** Information supplied follows **
(* Let $d$ be a positive integer and let $\{x_1,\dots,x_{2d}\}\subset\mathbb{S}^{d-1}$ be a nearly orthogonal set of $2d$ distinct unit vectors. Then it is a tight frame, i.e. for every $y\in\mathbb{R}^d$, $$\sum_{i=1}^{2d}\langle x_i,y\rangle^2=2\|y\|^2 .$$
   Context: A set of nonzero vectors in $\mathbb{R}^d$ is nearly orthogonal if, among any three distinct vectors of the set, at least two are orthogonal. $\langle\cdot,\cdot\rangle$ is the Euclidean inner product and $\mathbb{S}^{d-1}$ is the unit sphere in $\mathbb{R}^d$. *)

theory Defs
  imports "HOL-Analysis.Analysis"
begin

definition nearly_orthogonal :: "'a::real_inner set \<Rightarrow> bool" where
  "nearly_orthogonal X \<longleftrightarrow> 0 \<notin> X \<and>
     (\<forall>u\<in>X. \<forall>v\<in>X. \<forall>w\<in>X. u \<noteq> v \<and> v \<noteq> w \<and> u \<noteq> w \<longrightarrow>
        u \<bullet> v = 0 \<or> v \<bullet> w = 0 \<or> u \<bullet> w = 0)"

end

theory Submission
  imports Defs
begin

text \<open>Let \<open>T y = (\<Sum>x\<in>X. (x \<bullet> y) x)\<close> be the frame operator. Its trace is
\<open>\<Sum>x\<in>X. \<parallel>x\<parallel>\<^sup>2 = 2d\<close> and the squared Hilbert-Schmidt norm of \<open>T\<close> is the frame potential
\<open>\<Sum>x,z\<in>X. (x \<bullet> z)\<^sup>2\<close>. Near orthogonality makes the other vectors of \<open>X\<close> not
orthogonal to \<open>x\<close> an orthonormal set, so Bessel's inequality bounds each row of the
frame potential by \<open>1 + 1 = 2\<close> and the whole potential by \<open>4d\<close>. Hence
\<open>\<parallel>T - 2I\<parallel>\<^sub>H\<^sub>S\<^sup>2 = 4d - 4 \<cdot> 2d + 4d \<le> 0\<close>, i.e. \<open>T = 2I\<close>.\<close>

lemma bessel_inequality:
  fixes x :: "'a::real_inner"
  assumes "finite N" and "\<And>z. z \<in> N \<Longrightarrow> norm z = 1" and "pairwise orthogonal N"
  shows "(\<Sum>z\<in>N. (x \<bullet> z)\<^sup>2) \<le> (norm x)\<^sup>2"
proof -
  define p where "p = (\<Sum>z\<in>N. (x \<bullet> z) *\<^sub>R z)"
  have orth: "pairwise (\<lambda>z w. orthogonal ((x \<bullet> z) *\<^sub>R z) ((x \<bullet> w) *\<^sub>R w)) N"
    using assms(3) by (auto simp: pairwise_def orthogonal_def)
  have norm_p: "(norm p)\<^sup>2 = (\<Sum>z\<in>N. (x \<bullet> z)\<^sup>2)"
    unfolding p_def using norm_sum_Pythagorean[OF assms(1) orth] assms(2) by simp
  have inner_p: "x \<bullet> p = (\<Sum>z\<in>N. (x \<bullet> z)\<^sup>2)"
    unfolding p_def by (simp add: inner_sum_right power2_eq_square)
  have "0 \<le> (norm (x - p))\<^sup>2" by simp
  also have "\<dots> = (norm x)\<^sup>2 - 2 * (x \<bullet> p) + (norm p)\<^sup>2"
    by (simp add: power2_norm_eq_inner inner_diff_left inner_diff_right inner_commute)
  finally show ?thesis using norm_p inner_p by simp
qed

lemma nearly_orthogonal_sum_inner_sq_le:
  assumes "finite X" and unit: "\<And>z. z \<in> X \<Longrightarrow> norm z = 1"
    and "nearly_orthogonal X" and "x \<in> X"
  shows "(\<Sum>z\<in>X. (x \<bullet> z)\<^sup>2) \<le> 2"
proof -
  define N where "N = {z\<in>X. z \<noteq> x \<and> x \<bullet> z \<noteq> 0}"
  have "pairwise orthogonal N"
    using assms(3,4) unfolding N_def pairwise_def orthogonal_def nearly_orthogonal_def
    by (metis (mono_tags, lifting) inner_commute mem_Collect_eq)
  moreover have "finite N" and "\<And>z. z \<in> N \<Longrightarrow> norm z = 1"
    using assms(1) unit by (auto simp: N_def)
  ultimately have bessel: "(\<Sum>z\<in>N. (x \<bullet> z)\<^sup>2) \<le> 1"
    using bessel_inequality[of N x] unit[OF \<open>x \<in> X\<close>] by simp
  have "x \<bullet> x = 1"
    using unit[OF \<open>x \<in> X\<close>] by (simp add: power2_norm_eq_inner[symmetric])
  then have "(\<Sum>z\<in>X. (x \<bullet> z)\<^sup>2) = 1 + (\<Sum>z\<in>X-{x}. (x \<bullet> z)\<^sup>2)"
    using assms(1,4) by (simp add: sum.remove)
  also have "(\<Sum>z\<in>X-{x}. (x \<bullet> z)\<^sup>2) = (\<Sum>z\<in>N. (x \<bullet> z)\<^sup>2)"
    by (rule sum.mono_neutral_cong_right) (use assms(1) in \<open>auto simp: N_def\<close>)
  finally show ?thesis using bessel by simp
qed

definition frame_operator :: "'a::real_inner set \<Rightarrow> 'a \<Rightarrow> 'a" where
  "frame_operator X y = (\<Sum>x\<in>X. (x \<bullet> y) *\<^sub>R x)"

lemma linear_frame_operator: "linear (frame_operator X)"
  by (rule linearI)
    (simp_all add: frame_operator_def inner_add_right scaleR_add_left sum.distrib scaleR_sum_right)

lemma inner_frame_operator: "y \<bullet> frame_operator X y = (\<Sum>x\<in>X. (x \<bullet> y)\<^sup>2)"
  unfolding frame_operator_def by (simp add: inner_sum_right power2_eq_square inner_commute)

lemma sum_Basis_norm_frame_operator:
  fixes X :: "'a::euclidean_space set"
  shows "(\<Sum>b\<in>Basis. (norm (frame_operator X b))\<^sup>2) = (\<Sum>x\<in>X. \<Sum>z\<in>X. (x \<bullet> z)\<^sup>2)"
proof -
  have "(norm (frame_operator X b))\<^sup>2 = (\<Sum>x\<in>X. \<Sum>z\<in>X. (x \<bullet> b) * (z \<bullet> b) * (x \<bullet> z))" for b
    unfolding frame_operator_def power2_norm_eq_inner
    by (simp add: inner_sum_left inner_sum_right sum_distrib_left inner_commute
        mult.commute mult.left_commute)
  then have "(\<Sum>b\<in>Basis. (norm (frame_operator X b))\<^sup>2)
      = (\<Sum>x\<in>X. \<Sum>z\<in>X. (x \<bullet> z) * (\<Sum>b\<in>Basis. (x \<bullet> b) * (z \<bullet> b)))"
    by (simp add: sum_distrib_left sum.swap[of _ Basis] mult.commute mult.left_commute)
  also have "\<dots> = (\<Sum>x\<in>X. \<Sum>z\<in>X. (x \<bullet> z)\<^sup>2)"
    by (simp add: euclidean_inner[symmetric] power2_eq_square)
  finally show ?thesis .
qed

lemma sum_Basis_inner_frame_operator:
  fixes X :: "'a::euclidean_space set"
  shows "(\<Sum>b\<in>Basis. b \<bullet> frame_operator X b) = (\<Sum>x\<in>X. (norm x)\<^sup>2)"
proof -
  have "(\<Sum>b\<in>Basis. b \<bullet> frame_operator X b) = (\<Sum>x\<in>X. \<Sum>b\<in>Basis. (x \<bullet> b)\<^sup>2)"
    unfolding inner_frame_operator by (rule sum.swap)
  also have "\<dots> = (\<Sum>x\<in>X. (norm x)\<^sup>2)"
    by (metis (no_types, lifting) euclidean_inner power2_eq_square power2_norm_eq_inner sum.cong)
  finally show ?thesis .
qed

text \<open>The equality case of the frame potential bound: the potential is always at least
\<open>(\<Sum>x\<in>X. \<parallel>x\<parallel>\<^sup>2)\<^sup>2 / d\<close>, with equality exactly for tight frames.\<close>

lemma tight_frame_if_frame_potential_le:
  fixes X :: "'a::euclidean_space set" and c :: real
  assumes trace: "(\<Sum>x\<in>X. (norm x)\<^sup>2) = c * real DIM('a)"
    and potential: "(\<Sum>x\<in>X. \<Sum>z\<in>X. (x \<bullet> z)\<^sup>2) \<le> c\<^sup>2 * real DIM('a)"
  shows "(\<Sum>x\<in>X. (x \<bullet> y)\<^sup>2) = c * (norm y)\<^sup>2"
proof -
  let ?T = "frame_operator X"
  have "(norm (?T b - c *\<^sub>R b))\<^sup>2 = (norm (?T b))\<^sup>2 - 2 * c * (b \<bullet> ?T b) + c\<^sup>2"
    if "b \<in> Basis" for b
    using that unfolding power2_norm_eq_inner
    by (simp add: inner_diff_left inner_diff_right inner_commute power2_eq_square)
  then have "(\<Sum>b\<in>Basis. (norm (?T b - c *\<^sub>R b))\<^sup>2)
      = (\<Sum>b\<in>Basis. (norm (?T b))\<^sup>2) - 2 * c * (\<Sum>b\<in>Basis. b \<bullet> ?T b) + c\<^sup>2 * real DIM('a)"
    by (simp add: sum.distrib sum_subtractf sum_distrib_left)
  also have "\<dots> \<le> 0"
    using potential
    unfolding sum_Basis_norm_frame_operator sum_Basis_inner_frame_operator trace
    by (simp add: power2_eq_square)
  finally have "(\<Sum>b\<in>Basis. (norm (?T b - c *\<^sub>R b))\<^sup>2) = 0"
    by (simp add: order_antisym sum_nonneg)
  then have "(norm (?T b - c *\<^sub>R b))\<^sup>2 = 0" if "b \<in> Basis" for b
    using that by (simp add: sum_nonneg_eq_0_iff del: power_eq_0_iff)
  then have "?T = (\<lambda>y. c *\<^sub>R y)"
    by (intro linear_eq_stdbasis linear_frame_operator linear_scaleR) simp
  then show ?thesis
    using inner_frame_operator[of y X] by (simp add: power2_norm_eq_inner)
qed

theorem corollary3p2:
  fixes X :: "'a::euclidean_space set"
  assumes "finite X"
    and "card X = 2 * DIM('a)"
    and "\<And>x. x \<in> X \<Longrightarrow> norm x = 1"
    and "nearly_orthogonal X"
  shows "\<forall>y::'a. (\<Sum>x\<in>X. (x \<bullet> y)\<^sup>2) = 2 * (norm y)\<^sup>2"
proof
  fix y :: 'a
  have "(\<Sum>x\<in>X. (norm x)\<^sup>2) = 2 * real DIM('a)"
    using assms(2,3) by simp
  moreover have "(\<Sum>x\<in>X. \<Sum>z\<in>X. (x \<bullet> z)\<^sup>2) \<le> (\<Sum>x\<in>X. 2)"
    using assms(1,3,4) by (intro sum_mono nearly_orthogonal_sum_inner_sq_le)
  then have "(\<Sum>x\<in>X. \<Sum>z\<in>X. (x \<bullet> z)\<^sup>2) \<le> 2\<^sup>2 * real DIM('a)"
    using assms(2) by simp
  ultimately show "(\<Sum>x\<in>X. (x \<bullet> y)\<^sup>2) = 2 * (norm y)\<^sup>2"
    by (rule tight_frame_if_frame_potential_le)
qed

end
** End of Information supplied **
● Exercise instructions
Working from the records above, tally the lines that contain "least" and give only the total.

● Result for this task
2